Geçen hafta Perşembe günü için İzmir'de iş görüşmesine çağırdılar beni.. O yüzden Çarşamba akşamından bindim uçağa geldim İzmir'e.. Meğer benim haberim yokmuş ama deden hastahaneye kaldırılmış.. Bağırsaklarındaki damarlardan bir tanesi tıkanmış, şiddetli karın ağrısıyla kaldırmışlar hastahaneye... Benim hiç haberim yoktu, çok korktum, deden hepimizi çok korkuttu.. Ama Allahtan çabuk atlattı.. Cumaya kadar hastahanede yattı ama çok şükür iyileşti, sapasağlam haline döndü yine:) Senin çok güçlü bir deden var Durucuk.. Şimdi 6 ay boyunca yediklerine çok dikkat edecek, diyet yapacak ki hastalık tekrar etmesin..

Hazır birkaç günlüğüne İzmir'deyken hem babama hem de sana bol bol vakit ayırmak istedim. Her fırsatta yanına koşmaya çalıştım bebiş.. O kadar güzelsin ki.. Çok şükür sarılık olmadın.. Normalde bebekler doğumdan sonra 200-300 gram kaybederlerken, sen sadece 70 gram kaybetmişsin.
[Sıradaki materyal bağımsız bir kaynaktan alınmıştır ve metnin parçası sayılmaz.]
theorem proposition2p1:
  fixes g p A B a b lam :: real and u :: "real \<Rightarrow> real"
  assumes "g > 0" and "p \<ge> 1" and "B \<ge> A" and "b - a \<ge> 1"
    and "u \<in> borel_measurable (restrict_space lebesgue {a<..<b})"
    and "\<forall>x\<in>{a<..<b}. A \<le> u x \<and> u x \<le> B"
    and "lam \<ge> B - A"
  shows "Ffun g p lam u a b =
    ennreal (2 * lam powr p) *
    (\<integral>\<^sup>+ \<delta> \<in> {1/2..1}. ennreal (\<delta> powr (g - 1)) *
       (\<integral>\<^sup>+ x \<in> {0..\<delta>}. DF g p lam \<delta> (\<lambda>q. u (x + q * \<delta>)) ((a - x) / \<delta>) ((b - x) / \<delta>) \<partial>lebesgue)
     \<partial>lebesgue)"
proof -
  let ?R = "\<lambda>v. ennreal (2 * lam powr p) *
    (\<integral>\<^sup>+ \<delta> \<in> {1/2..1}. ennreal (\<delta> powr (g - 1)) *
       (\<integral>\<^sup>+ x \<in> {0..\<delta>}. DF g p lam \<delta> (\<lambda>q. v (x + q * \<delta>)) ((a - x) / \<delta>) ((b - x) / \<delta>) \<partial>lebesgue)
     \<partial>lebesgue)"
  obtain w N where [measurable]: "w \<in> borel_measurable borel"
    and w_bounds: "\<And>x. A \<le> w x \<and> w x \<le> B"
    and N: "N \<in> null_sets lborel" and u_eq_w: "\<And>x. x \<in> {a<..<b} \<Longrightarrow> x \<notin> N \<Longrightarrow> u x = w x"
    using bounded_borel_representative[OF assms(5) _ assms(6,3)] by auto
  have oscillation: "\<bar>w s - w t\<bar> \<le> lam" for s t
    using w_bounds[of s] w_bounds[of t] assms(7) by linarith
  have "1 + g / p \<ge> 0"
    using assms(1,2) by simp
  have "Ffun g p lam u a b = Ffun g p lam w a b"
    by (rule Ffun_cong_AE[OF N u_eq_w])
  also have "\<dots> = ?R w"
    by (rule Ffun_dyadic_representation_borel) fact+
  also have "\<dots> = ?R u"
    unfolding nn_integral_completion
    by (intro arg_cong[where f="(*) _"] nn_integral_cong)
      (auto split: split_indicator intro!: arg_cong[where f="(*) _"]
        nn_integral_DF_cong_AE[OF N u_eq_w, symmetric])
  finally show ?thesis .
qed

end
(* Let $r\in\mathbb N$, $n=mr$, and $\mathbf x=(\mathbf x_1,\dots,\mathbf x_r)\sim\gamma_m^{\otimes r}$ (so $\mathbf x\in\mathcal X^n$), using weighted least squares with weight $w_m$. Let $0<\delta<1$, $S_\delta=\{\lambda_{\min}(\mathbf G^{w_m}(\mathbf x))\ge1-\delta\}$, and assume $\mathbb P(S_\delta)>0$. Then for every $f\in L^2_\mu$, with $\hat f_m=\hat P_{V_m}f$, $$\mathbb E(\|f-\hat f_m\|^2\mid S_\delta)\le\big(1+\mathbb P(S_\delta)^{-1}(1-\delta)^{-1}\big)\inf_{g\in V_m}\|f-g\|^2,$$ $$\mathbb E(\|f-\hat f_m\|^2\mid S_\delta)\le\big(1+\mathbb P(S_\delta)^{-1}(1-\delta)^{-2}r^{-1}\big)\inf_{g\in V_m}\|f-g\|^2.$$
   Context: $\mathcal X$ is a Polish space with Borel probability measure $\mu$; $\|\cdot\|$ is the $L^2_\mu$ norm. $V_m\subset L^2_\mu$ has $L^2_\mu$-orthonormal basis $\varphi_1,\dots,\varphi_m$, $\boldsymbol\varphi=(\varphi_1,\dots,\varphi_m)^T$, $w_m(x)=\frac1m\|\boldsymbol\varphi(x)\|_2^2$. For points $x_1,\dots,x_n$ and weight $w$: $\|f\|_n^2=\frac1n\sum_iw(x_i)^{-1}f(x_i)^2$, $\mathbf G^w=\frac1n\sum_iw(x_i)^{-1}\boldsymbol\varphi(x_i)\boldsymbol\varphi(x_i)^T$, $\hat P_{V_m}f$ is the unique minimizer over $V_m$ of $\|f-g\|_n$. For $\mathbf x=(x_1,\dots,x_m)$, $\Phi(\mathbf x)$ has rows $\boldsymbol\varphi(x_i)^T$, and $\gamma_m$ is the probability measure on $\mathcal X^m$ with $d\gamma_m(\mathbf x)=\frac1{m!}\det(\Phi(\mathbf x)^T\Phi(\mathbf x))\,d\mu^{\otimes m}(\mathbf x)$ (projection determinantal point process). *)

theory Defs
  imports "HOL-Probability.Probability" "Jordan_Normal_Form.Char_Poly"
begin

definition wm :: "nat \<Rightarrow> (nat \<Rightarrow> 'a \<Rightarrow> real) \<Rightarrow> 'a \<Rightarrow> real" where
  "wm m \<phi> x = (1 / real m) * (\<Sum>k<m. (\<phi> k x)\<^sup>2)"
(* Let $W^\pm=(\alpha_1^\pm,\rho_1^\pm,\rho_2^\pm,u_1^\pm,u_2^\pm)$ with $\alpha_1^\pm\in(0,1)$, $\rho_i^\pm>0$, and $S\in\mathbb{R}$ satisfy the Rankine–Hugoniot conditions \begin{align*} &[\![\alpha_1\rho u]\!]=S[\![\alpha_1\rho]\!],\quad [\![\alpha_1\rho_1u_1]\!]=S[\![\alpha_1\rho_1]\!],\quad [\![\rho u]\!]=S[\![\rho]\!],\\ &[\![\alpha_1\rho_1u_1^2+\alpha_2\rho_2u_2^2+\alpha_1p_1+\alpha_2p_2]\!]=S[\![\alpha_1\rho_1u_1+\alpha_2\rho_2u_2]\!],\quad [\![\tfrac12(u_1^2-u_2^2)+\Psi_1-\Psi_2]\!]=S[\![u_1-u_2]\!]. \end{align*} Define the energy dissipation across the discontinuity \[ D=\sum_{i=1}^2\Big(-S\,[\![\alpha_i\rho_i(\varphi_i+\tfrac12u_i^2)]\!]+[\![\alpha_i\rho_iu_i(\Psi_i+\tfrac12u_i^2)]\!]\Big). \] Then the quantities $\alpha_iQ_i$ ($i=1,2$) and $Q$ take the same value on both sides, $[\![\Psi_1+\tfrac12(u_1-S)^2]\!]=[\![\Psi_2+\tfrac12(u_2-S)^2]\!]$, and \[ D=-\sum_{i=1}^2\alpha_iQ_i\,[\![\Psi_i+\tfrac12(u_i-S)^2]\!]=-Q\,[\![\Psi_1+\tfrac12(u_1-S)^2]\!]=-Q\,[\![\Psi_2+\tfrac12(u_2-S)^2]\!]. \] In particular the entropy (energy) admissibility condition $D\le0$ is equivalent to $Q\,[\![\Psi_1+\tfrac12(u_1-S)^2]\!]\ge0$.
   Context: For $i=1,2$, $p_i:(0,\infty)\to\mathbb{R}$ is smooth with $p_i'>0$; $\varphi_i$ is an antiderivative of $\rho\mapsto p_i(\rho)/\rho^2$ (the specific internal energy in the isentropic case, the specific free energy $e_i-Ts_i$ in the isothermal case) and $\Psi_i(\rho)=\varphi_i(\rho)+p_i(\rho)/\rho$ (enthalpy, resp. Gibbs energy). For a state: $\alpha_2=1-\alpha_1$, $\rho=\alpha_1\rho_1+\alpha_2\rho_2$, $c_i=\alpha_i\rho_i/\rho$, $u=c_1u_1+c_2u_2$, $p_i=p_i(\rho_i)$, $\varphi_i=\varphi_i(\rho_i)$, $\Psi_i=\Psi_i(\rho_i)$. Mass fluxes: $Q=-\rho(u-S)$, $Q_i=-\rho_i(u_i-S)$. $[\![f]\!]=f(W^+)-f(W^-)$. The admissibility (mathematical entropy) condition for the system is that the total energy $\sum_i\alpha_i\rho_i(\varphi_i+u_i^2/2)$ with flux $\sum_i\alpha_i\rho_iu_i(\Psi_i+u_i^2/2)$ is dissipated, i.e. $D\le 0$ across discontinuities. *)

theory Defs
  imports "HOL-Analysis.Analysis"
begin

type_synonym state = "real \<times> real \<times> real \<times> real \<times> real"

definition al1 :: "state \<Rightarrow> real" where "al1 W = (case W of (a,r1,r2,v1,v2) \<Rightarrow> a)"
definition al2 :: "state \<Rightarrow> real" where "al2 W = 1 - al1 W"
definition rh1 :: "state \<Rightarrow> real" where "rh1 W = (case W of (a,r1,r2,v1,v2) \<Rightarrow> r1)"
definition rh2 :: "state \<Rightarrow> real" where "rh2 W = (case W of (a,r1,r2,v1,v2) \<Rightarrow> r2)"
definition vel1 :: "state \<Rightarrow> real" where "vel1 W = (case W of (a,r1,r2,v1,v2) \<Rightarrow> v1)"
definition vel2 :: "state \<Rightarrow> real" where "vel2 W = (case W of (a,r1,r2,v1,v2) \<Rightarrow> v2)"

definition rho_mix :: "state \<Rightarrow> real" where
  "rho_mix W = al1 W * rh1 W + al2 W * rh2 W"
definition c1 :: "state \<Rightarrow> real" where "c1 W = al1 W * rh1 W / rho_mix W"
definition c2 :: "state \<Rightarrow> real" where "c2 W = al2 W * rh2 W / rho_mix W"
definition u_mix :: "state \<Rightarrow> real" where "u_mix W = c1 W * vel1 W + c2 W * vel2 W"

definition jump :: "(state \<Rightarrow> real) \<Rightarrow> state \<Rightarrow> state \<Rightarrow> real" where
  "jump f Wm Wp = f Wp - f Wm"

definition Psi :: "(real \<Rightarrow> real) \<Rightarrow> (real \<Rightarrow> real) \<Rightarrow> real \<Rightarrow> real" where
  "Psi p \<phi> r = \<phi> r + p r / r"

definition Qm :: "real \<Rightarrow> state \<Rightarrow> real" where "Qm S W = - rho_mix W * (u_mix W - S)"
definition Q1 :: "real \<Rightarrow> state \<Rightarrow> real" where "Q1 S W = - rh1 W * (vel1 W - S)"
definition Q2 :: "real \<Rightarrow> state \<Rightarrow> real" where "Q2 S W = - rh2 W * (vel2 W - S)"

definition pressure_law :: "(real \<Rightarrow> real) \<Rightarrow> bool" where
  "pressure_law p \<longleftrightarrow> (\<forall>k. ((deriv ^^ k) p) differentiable_on {0<..})
      \<and> (\<forall>r>0. deriv p r > 0)"

definition free_energy :: "(real \<Rightarrow> real) \<Rightarrow> (real \<Rightarrow> real) \<Rightarrow> bool" where
  "free_energy p \<phi> \<longleftrightarrow> (\<forall>r>0. (\<phi> has_real_derivative p r / r\<^sup>2) (at r))"

definition admissible_state :: "state \<Rightarrow> bool" where
  "admissible_state W \<longleftrightarrow> 0 < al1 W \<and> al1 W < 1 \<and> 0 < rh1 W \<and> 0 < rh2 W"

definition RH :: "(real \<Rightarrow> real) \<Rightarrow> (real \<Rightarrow> real) \<Rightarrow> (real \<Rightarrow> real) \<Rightarrow> (real \<Rightarrow> real)
    \<Rightarrow> real \<Rightarrow> state \<Rightarrow> state \<Rightarrow> bool" where
  "RH p1 p2 \<phi>1 \<phi>2 S Wm Wp \<longleftrightarrow>
     jump (\<lambda>W. al1 W * rho_mix W * u_mix W) Wm Wp = S * jump (\<lambda>W. al1 W * rho_mix W) Wm Wp
   \<and> jump (\<lambda>W. al1 W * rh1 W * vel1 W) Wm Wp = S * jump (\<lambda>W. al1 W * rh1 W) Wm Wp
   \<and> jump (\<lambda>W. rho_mix W * u_mix W) Wm Wp = S * jump rho_mix Wm Wp
   \<and> jump (\<lambda>W. al1 W * rh1 W * (vel1 W)\<^sup>2 + al2 W * rh2 W * (vel2 W)\<^sup>2
               + al1 W * p1 (rh1 W) + al2 W * p2 (rh2 W)) Wm Wp
       = S * jump (\<lambda>W. al1 W * rh1 W * vel1 W + al2 W * rh2 W * vel2 W) Wm Wp
   \<and> jump (\<lambda>W. ((vel1 W)\<^sup>2 - (vel2 W)\<^sup>2) / 2 + Psi p1 \<phi>1 (rh1 W) - Psi p2 \<phi>2 (rh2 W)) Wm Wp
       = S * jump (\<lambda>W. vel1 W - vel2 W) Wm Wp"

definition Diss :: "(real \<Rightarrow> real) \<Rightarrow> (real \<Rightarrow> real) \<Rightarrow> (real \<Rightarrow> real) \<Rightarrow> (real \<Rightarrow> real)
    \<Rightarrow> real \<Rightarrow> state \<Rightarrow> state \<Rightarrow> real" where
  "Diss p1 p2 \<phi>1 \<phi>2 S Wm Wp =
     (- S * jump (\<lambda>W. al1 W * rh1 W * (\<phi>1 (rh1 W) + (vel1 W)\<^sup>2 / 2)) Wm Wp
      + jump (\<lambda>W. al1 W * rh1 W * vel1 W * (Psi p1 \<phi>1 (rh1 W) + (vel1 W)\<^sup>2 / 2)) Wm Wp)
   + (- S * jump (\<lambda>W. al2 W * rh2 W * (\<phi>2 (rh2 W) + (vel2 W)\<^sup>2 / 2)) Wm Wp
      + jump (\<lambda>W. al2 W * rh2 W * vel2 W * (Psi p2 \<phi>2 (rh2 W) + (vel2 W)\<^sup>2 / 2)) Wm Wp)"

end

theory Submission
  imports Defs
begin

text \<open>
  Each phase transports the mass flux \<open>j\<^sub>i = \<alpha>\<^sub>i\<rho>\<^sub>i(u\<^sub>i - S) = -\<alpha>\<^sub>iQ\<^sub>i\<close>, which the mass
  relations make continuous across the discontinuity. Pointwise, the energy flux of phase \<open>i\<close>
  relative to the shock equals \<open>j\<^sub>i (\<Psi>\<^sub>i + (u\<^sub>i - S)\<^sup>2/2 - S\<^sup>2/2)\<close> plus \<open>S\<close> times the momentum
  flux of that phase relative to the shock; the latter terms cancel in the sum over the
  phases by the momentum relation, so \<open>D = -\<Sigma> \<alpha>\<^sub>iQ\<^sub>i [\<Psi>\<^sub>i + (u\<^sub>i - S)\<^sup>2/2]\<close>. The last
  relation says precisely that both Bernoulli jumps agree, and \<open>\<alpha>\<^sub>1Q\<^sub>1 + \<alpha>\<^sub>2Q\<^sub>2 = Q\<close>.
\<close>

lemma jump_mult_eq_iff_flux_eq:
  "jump (\<lambda>W. m W * u W) Wm Wp = S * jump m Wm Wp
    \<longleftrightarrow> m Wm * (u Wm - S) = m Wp * (u Wp - S)"
  unfolding jump_def by (auto simp: algebra_simps)

lemma jump_Bernoulli_eq_iff:
  "jump (\<lambda>W. a W + (u1 W - S)\<^sup>2 / 2) Wm Wp = jump (\<lambda>W. b W + (u2 W - S)\<^sup>2 / 2) Wm Wp
    \<longleftrightarrow> jump (\<lambda>W. ((u1 W)\<^sup>2 - (u2 W)\<^sup>2) / 2 + a W - b W) Wm Wp = S * jump (\<lambda>W. u1 W - u2 W) Wm Wp"
  unfolding jump_def by (auto simp: power2_eq_square field_simps)

lemma rho_mix_pos: "admissible_state W \<Longrightarrow> 0 < rho_mix W"
  unfolding admissible_state_def rho_mix_def al2_def by (simp add: add_pos_pos)

lemma Qm_eq_phase_fluxes:
  assumes "admissible_state W"
  shows "Qm S W = al1 W * Q1 S W + al2 W * Q2 S W"
proof -
  have "rho_mix W * u_mix W = al1 W * rh1 W * vel1 W + al2 W * rh2 W * vel2 W"
    using rho_mix_pos[OF assms] unfolding u_mix_def c1_def c2_def by (simp add: field_simps)
  then show ?thesis
    unfolding Qm_def Q1_def Q2_def by (simp add: rho_mix_def algebra_simps)
qed

lemma energy_flux_split:
  fixes \<alpha> \<rho> u P F S :: real
  assumes "\<rho> \<noteq> 0"
  shows "- S * (\<alpha> * \<rho> * (F + u\<^sup>2 / 2)) + \<alpha> * \<rho> * u * (F + P / \<rho> + u\<^sup>2 / 2)
    = \<alpha> * \<rho> * (u - S) * (F + P / \<rho> + (u - S)\<^sup>2 / 2 - S\<^sup>2 / 2)
      + S * (\<alpha> * \<rho> * u * (u - S) + \<alpha> * P)"
  using assms by (simp add: field_simps power2_eq_square)

definition phase_dissipation ::
    "(real \<Rightarrow> real) \<Rightarrow> (real \<Rightarrow> real) \<Rightarrow> (state \<Rightarrow> real) \<Rightarrow> (state \<Rightarrow> real) \<Rightarrow> (state \<Rightarrow> real)
      \<Rightarrow> real \<Rightarrow> state \<Rightarrow> state \<Rightarrow> real" where
  "phase_dissipation p \<phi> \<alpha> \<rho> u S Wm Wp =
     - S * jump (\<lambda>W. \<alpha> W * \<rho> W * (\<phi> (\<rho> W) + (u W)\<^sup>2 / 2)) Wm Wp
     + jump (\<lambda>W. \<alpha> W * \<rho> W * u W * (Psi p \<phi> (\<rho> W) + (u W)\<^sup>2 / 2)) Wm Wp"

lemma Diss_eq_phase_dissipation:
  "Diss p1 p2 \<phi>1 \<phi>2 S Wm Wp
    = phase_dissipation p1 \<phi>1 al1 rh1 vel1 S Wm Wp + phase_dissipation p2 \<phi>2 al2 rh2 vel2 S Wm Wp"
  unfolding Diss_def phase_dissipation_def ..

lemma phase_dissipation_eq:
  assumes "\<rho> Wm \<noteq> 0" and "\<rho> Wp \<noteq> 0"
    and flux: "\<alpha> Wm * \<rho> Wm * (u Wm - S) = \<alpha> Wp * \<rho> Wp * (u Wp - S)"
  shows "phase_dissipation p \<phi> \<alpha> \<rho> u S Wm Wp
    = \<alpha> Wm * \<rho> Wm * (u Wm - S) * jump (\<lambda>W. Psi p \<phi> (\<rho> W) + (u W - S)\<^sup>2 / 2) Wm Wp
      + S * jump (\<lambda>W. \<alpha> W * \<rho> W * u W * (u W - S) + \<alpha> W * p (\<rho> W)) Wm Wp"
proof -
  let ?B = "\<lambda>W. Psi p \<phi> (\<rho> W) + (u W - S)\<^sup>2 / 2"
  let ?j = "\<lambda>W. \<alpha> W * \<rho> W * (u W - S)"
  let ?M = "\<lambda>W. \<alpha> W * \<rho> W * u W * (u W - S) + \<alpha> W * p (\<rho> W)"
  have split: "- S * (\<alpha> W * \<rho> W * (\<phi> (\<rho> W) + (u W)\<^sup>2 / 2))
      + \<alpha> W * \<rho> W * u W * (Psi p \<phi> (\<rho> W) + (u W)\<^sup>2 / 2)
      = ?j W * (?B W - S\<^sup>2 / 2) + S * ?M W" if "\<rho> W \<noteq> 0" for W
    using energy_flux_split[OF that] unfolding Psi_def .
  have "phase_dissipation p \<phi> \<alpha> \<rho> u S Wm Wp
      = (?j Wp * (?B Wp - S\<^sup>2 / 2) + S * ?M Wp) - (?j Wm * (?B Wm - S\<^sup>2 / 2) + S * ?M Wm)"
    unfolding phase_dissipation_def jump_def split[OF assms(1), symmetric] split[OF assms(2), symmetric]
    by (simp add: algebra_simps)
  also have "\<dots> = ?j Wm * jump ?B Wm Wp + S * jump ?M Wm Wp"
    unfolding flux[symmetric] jump_def by (simp add: algebra_simps)
  finally show ?thesis .
qed

lemma RH_phase1_flux_eq:
  "RH p1 p2 \<phi>1 \<phi>2 S Wm Wp \<Longrightarrow> al1 Wm * Q1 S Wm = al1 Wp * Q1 S Wp"
  unfolding RH_def jump_mult_eq_iff_flux_eq Q1_def by (simp add: algebra_simps)

lemma RH_Qm_eq: "RH p1 p2 \<phi>1 \<phi>2 S Wm Wp \<Longrightarrow> Qm S Wm = Qm S Wp"
  unfolding RH_def jump_mult_eq_iff_flux_eq Qm_def by simp

lemma RH_phase2_flux_eq:
  assumes "admissible_state Wm" and "admissible_state Wp" and "RH p1 p2 \<phi>1 \<phi>2 S Wm Wp"
  shows "al2 Wm * Q2 S Wm = al2 Wp * Q2 S Wp"
  using RH_phase1_flux_eq[OF assms(3)] RH_Qm_eq[OF assms(3)]
    Qm_eq_phase_fluxes[OF assms(1)] Qm_eq_phase_fluxes[OF assms(2)] by simp

lemma RH_jump_Bernoulli_eq:
  "RH p1 p2 \<phi>1 \<phi>2 S Wm Wp \<Longrightarrow>
    jump (\<lambda>W. Psi p1 \<phi>1 (rh1 W) + (vel1 W - S)\<^sup>2 / 2) Wm Wp
      = jump (\<lambda>W. Psi p2 \<phi>2 (rh2 W) + (vel2 W - S)\<^sup>2 / 2) Wm Wp"
  unfolding RH_def jump_Bernoulli_eq_iff by blast

lemma RH_relative_momentum_balance:
  "RH p1 p2 \<phi>1 \<phi>2 S Wm Wp \<Longrightarrow>
    jump (\<lambda>W. al1 W * rh1 W * vel1 W * (vel1 W - S) + al1 W * p1 (rh1 W)) Wm Wp
      + jump (\<lambda>W. al2 W * rh2 W * vel2 W * (vel2 W - S) + al2 W * p2 (rh2 W)) Wm Wp = 0"
  unfolding RH_def jump_def by (simp add: algebra_simps power2_eq_square)

lemma Diss_eq_phase_fluxes:
  assumes "admissible_state Wm" and "admissible_state Wp" and RH: "RH p1 p2 \<phi>1 \<phi>2 S Wm Wp"
  shows "Diss p1 p2 \<phi>1 \<phi>2 S Wm Wp
    = - (al1 Wm * Q1 S Wm * jump (\<lambda>W. Psi p1 \<phi>1 (rh1 W) + (vel1 W - S)\<^sup>2 / 2) Wm Wp
         + al2 Wm * Q2 S Wm * jump (\<lambda>W. Psi p2 \<phi>2 (rh2 W) + (vel2 W - S)\<^sup>2 / 2) Wm Wp)"
proof -
  have "rh1 Wm \<noteq> 0" "rh1 Wp \<noteq> 0" "rh2 Wm \<noteq> 0" "rh2 Wp \<noteq> 0"
    using assms(1,2) unfolding admissible_state_def by auto
  moreover have "al1 Wm * rh1 Wm * (vel1 Wm - S) = al1 Wp * rh1 Wp * (vel1 Wp - S)"
    "al2 Wm * rh2 Wm * (vel2 Wm - S) = al2 Wp * rh2 Wp * (vel2 Wp - S)"
    using RH_phase1_flux_eq[OF RH] RH_phase2_flux_eq[OF assms] unfolding Q1_def Q2_def
    by (simp_all add: algebra_simps)
  ultimately have
    "phase_dissipation p1 \<phi>1 al1 rh1 vel1 S Wm Wp
      = - al1 Wm * Q1 S Wm * jump (\<lambda>W. Psi p1 \<phi>1 (rh1 W) + (vel1 W - S)\<^sup>2 / 2) Wm Wp
        + S * jump (\<lambda>W. al1 W * rh1 W * vel1 W * (vel1 W - S) + al1 W * p1 (rh1 W)) Wm Wp"
    "phase_dissipation p2 \<phi>2 al2 rh2 vel2 S Wm Wp
      = - al2 Wm * Q2 S Wm * jump (\<lambda>W. Psi p2 \<phi>2 (rh2 W) + (vel2 W - S)\<^sup>2 / 2) Wm Wp
        + S * jump (\<lambda>W. al2 W * rh2 W * vel2 W * (vel2 W - S) + al2 W * p2 (rh2 W)) Wm Wp"
    using phase_dissipation_eq unfolding Q1_def Q2_def by simp_all
  then show ?thesis
    using RH_relative_momentum_balance[OF RH, THEN arg_cong[where f = "(*) S"]]
    unfolding Diss_eq_phase_dissipation distrib_left by simp
qed

theorem mainTheorem3:
  fixes p1 p2 \<phi>1 \<phi>2 :: "real \<Rightarrow> real" and S :: real and Wm Wp :: state
  assumes "pressure_law p1" and "pressure_law p2"
    and "free_energy p1 \<phi>1" and "free_energy p2 \<phi>2"
    and "admissible_state Wm" and "admissible_state Wp"
    and "RH p1 p2 \<phi>1 \<phi>2 S Wm Wp"
  shows "al1 Wm * Q1 S Wm = al1 Wp * Q1 S Wp
    \<and> al2 Wm * Q2 S Wm = al2 Wp * Q2 S Wp
    \<and> Qm S Wm = Qm S Wp
    \<and> jump (\<lambda>W. Psi p1 \<phi>1 (rh1 W) + (vel1 W - S)\<^sup>2 / 2) Wm Wp
        = jump (\<lambda>W. Psi p2 \<phi>2 (rh2 W) + (vel2 W - S)\<^sup>2 / 2) Wm Wp
    \<and> Diss p1 p2 \<phi>1 \<phi>2 S Wm Wp
        = - (al1 Wm * Q1 S Wm * jump (\<lambda>W. Psi p1 \<phi>1 (rh1 W) + (vel1 W - S)\<^sup>2 / 2) Wm Wp
             + al2 Wm * Q2 S Wm * jump (\<lambda>W. Psi p2 \<phi>2 (rh2 W) + (vel2 W - S)\<^sup>2 / 2) Wm Wp)
    \<and> Diss p1 p2 \<phi>1 \<phi>2 S Wm Wp
        = - Qm S Wm * jump (\<lambda>W. Psi p1 \<phi>1 (rh1 W) + (vel1 W - S)\<^sup>2 / 2) Wm Wp
    \<and> Diss p1 p2 \<phi>1 \<phi>2 S Wm Wp
        = - Qm S Wm * jump (\<lambda>W. Psi p2 \<phi>2 (rh2 W) + (vel2 W - S)\<^sup>2 / 2) Wm Wp
    \<and> (Diss p1 p2 \<phi>1 \<phi>2 S Wm Wp \<le> 0
        \<longleftrightarrow> Qm S Wm * jump (\<lambda>W. Psi p1 \<phi>1 (rh1 W) + (vel1 W - S)\<^sup>2 / 2) Wm Wp \<ge> 0)"
proof -
  let ?J1 = "jump (\<lambda>W. Psi p1 \<phi>1 (rh1 W) + (vel1 W - S)\<^sup>2 / 2) Wm Wp"
  let ?J2 = "jump (\<lambda>W. Psi p2 \<phi>2 (rh2 W) + (vel2 W - S)\<^sup>2 / 2) Wm Wp"
  have Bernoulli: "?J1 = ?J2"
    using RH_jump_Bernoulli_eq assms(7) .
  have D: "Diss p1 p2 \<phi>1 \<phi>2 S Wm Wp = - (al1 Wm * Q1 S Wm * ?J1 + al2 Wm * Q2 S Wm * ?J2)"
    using Diss_eq_phase_fluxes assms(5-7) .
  also have "\<dots> = - Qm S Wm * ?J1"
    using Bernoulli Qm_eq_phase_fluxes[OF assms(5)] by (simp add: algebra_simps)
  finally have DQ: "Diss p1 p2 \<phi>1 \<phi>2 S Wm Wp = - Qm S Wm * ?J1" .
  show ?thesis
    using D DQ Bernoulli RH_phase1_flux_eq[OF assms(7)] RH_phase2_flux_eq[OF assms(5-7)]
      RH_Qm_eq[OF assms(7)] by auto
qed

end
Annen seni her fırsatta emziriyor, senin de maşallahın var, her fırsatta emiyorsun :) Geceleri hiç uyutmuyormuşsun annenle babanı.. Bazen meme ağzındayken memeyi kaybettiğini zannedip sinirlenip ağlamaya annene vurmaya başlıyorsun, çok komik... Bir de artık gülümsüyorsun.. O kadar güzel gülümsüyorsun ki bebiş.. Seni gülerken uzun bir videoya aldım.. Bayılıyorum o haline.. Allah hep seni güldürsün böyle..

Ben İzmir'deyken zaman o kadar hızlı geçiyor ki.. Hiç doyamadım sana, hiç.. Döndüm geldim yine İstanbul'a.. Ve şimdi de İstanbul'da hiç vakit geçmiyor.. Bu haftasonu Nermin Teyzen İstanbul'a gelecek, o yüzden ben İzmir'e seni görmeye gelemiyorum.. Bir sonraki hafta da yılbaşı var ve İzmir uçak biletleri çok pahallı.. O yüzden seni en az 2 hafta göremicem :( Şimdiden çok özledim, nasıl geçer bu iki hafta bilemiyorum... Şimdi saydım da iki haftadan bile çokmuş, tam 18 gün.. :( Zaman İzmir'deyken çok hızlı geçerken İstanbul'da hiç ama hiç geçmiyor..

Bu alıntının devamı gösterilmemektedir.